Data items:
(* Let $G$ be a connected $4$-regular graph such that for every vertex $v$, the subgraph of $G$ induced by the neighbors of $v$ is isomorphic either to the cycle $C_4$ or to the path $P_4$ on $4$ vertices. Then $G$ is isomorphic to the triangular cycle $TC_n$ for some $n\ge6$.
   Context: The triangular cycle $TC_n$ is the graph with vertex set $[n]=\{1,\dots,n\}$ in which $i\ne j$ are adjacent iff $i-j\pmod n\in\{n-2,n-1,1,2\}$. *)

theory Defs
  imports Main
begin

definition finite_simple_graph :: "'a set \<Rightarrow> ('a \<Rightarrow> 'a \<Rightarrow> bool) \<Rightarrow> bool" where
  "finite_simple_graph V E \<longleftrightarrow> finite V \<and>
     (\<forall>x y. E x y \<longrightarrow> x \<in> V \<and> y \<in> V) \<and>
     (\<forall>x y. E x y \<longrightarrow> E y x) \<and> (\<forall>x. \<not> E x x)"

definition neighbours :: "'a set \<Rightarrow> ('a \<Rightarrow> 'a \<Rightarrow> bool) \<Rightarrow> 'a \<Rightarrow> 'a set" where
  "neighbours V E v = {u \<in> V. E v u}"

definition regular :: "nat \<Rightarrow> 'a set \<Rightarrow> ('a \<Rightarrow> 'a \<Rightarrow> bool) \<Rightarrow> bool" where
  "regular k V E \<longleftrightarrow> (\<forall>v\<in>V. card (neighbours V E v) = k)"

definition connected_graph :: "'a set \<Rightarrow> ('a \<Rightarrow> 'a \<Rightarrow> bool) \<Rightarrow> bool" where
  "connected_graph V E \<longleftrightarrow> V \<noteq> {} \<and>
     (\<forall>u\<in>V. \<forall>v\<in>V. (\<lambda>x y. x \<in> V \<and> y \<in> V \<and> E x y)\<^sup>*\<^sup>* u v)"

**AIM OF THE EXERCISE**.
Output only the lines from the one with "(\<forall>x y. E x y \<longrightarrow> x" through the last line of the entries above; please keep them exact.

**EXERCISE RESPONSE**.
     (\<forall>x y. E x y \<longrightarrow> x \<in> V \<and> y \<in> V) \<and>
     (\<forall>x y. E x y \<longrightarrow> E y x) \<and> (\<forall>x. \<not> E x x)"

definition neighbours :: "'a set \<Rightarrow> ('a \<Rightarrow> 'a \<Rightarrow> bool) \<Rightarrow> 'a \<Rightarrow> 'a set" where
  "neighbours V E v = {u \<in> V. E v u}"

definition regular :: "nat \<Rightarrow> 'a set \<Rightarrow> ('a \<Rightarrow> 'a \<Rightarrow> bool) \<Rightarrow> bool" where
  "regular k V E \<longleftrightarrow> (\<forall>v\<in>V. card (neighbours V E v) = k)"

definition connected_graph :: "'a set \<Rightarrow> ('a \<Rightarrow> 'a \<Rightarrow> bool) \<Rightarrow> bool" where
  "connected_graph V E \<longleftrightarrow> V \<noteq> {} \<and>
     (\<forall>u\<in>V. \<forall>v\<in>V. (\<lambda>x y. x \<in> V \<and> y \<in> V \<and> E x y)\<^sup>*\<^sup>* u v)"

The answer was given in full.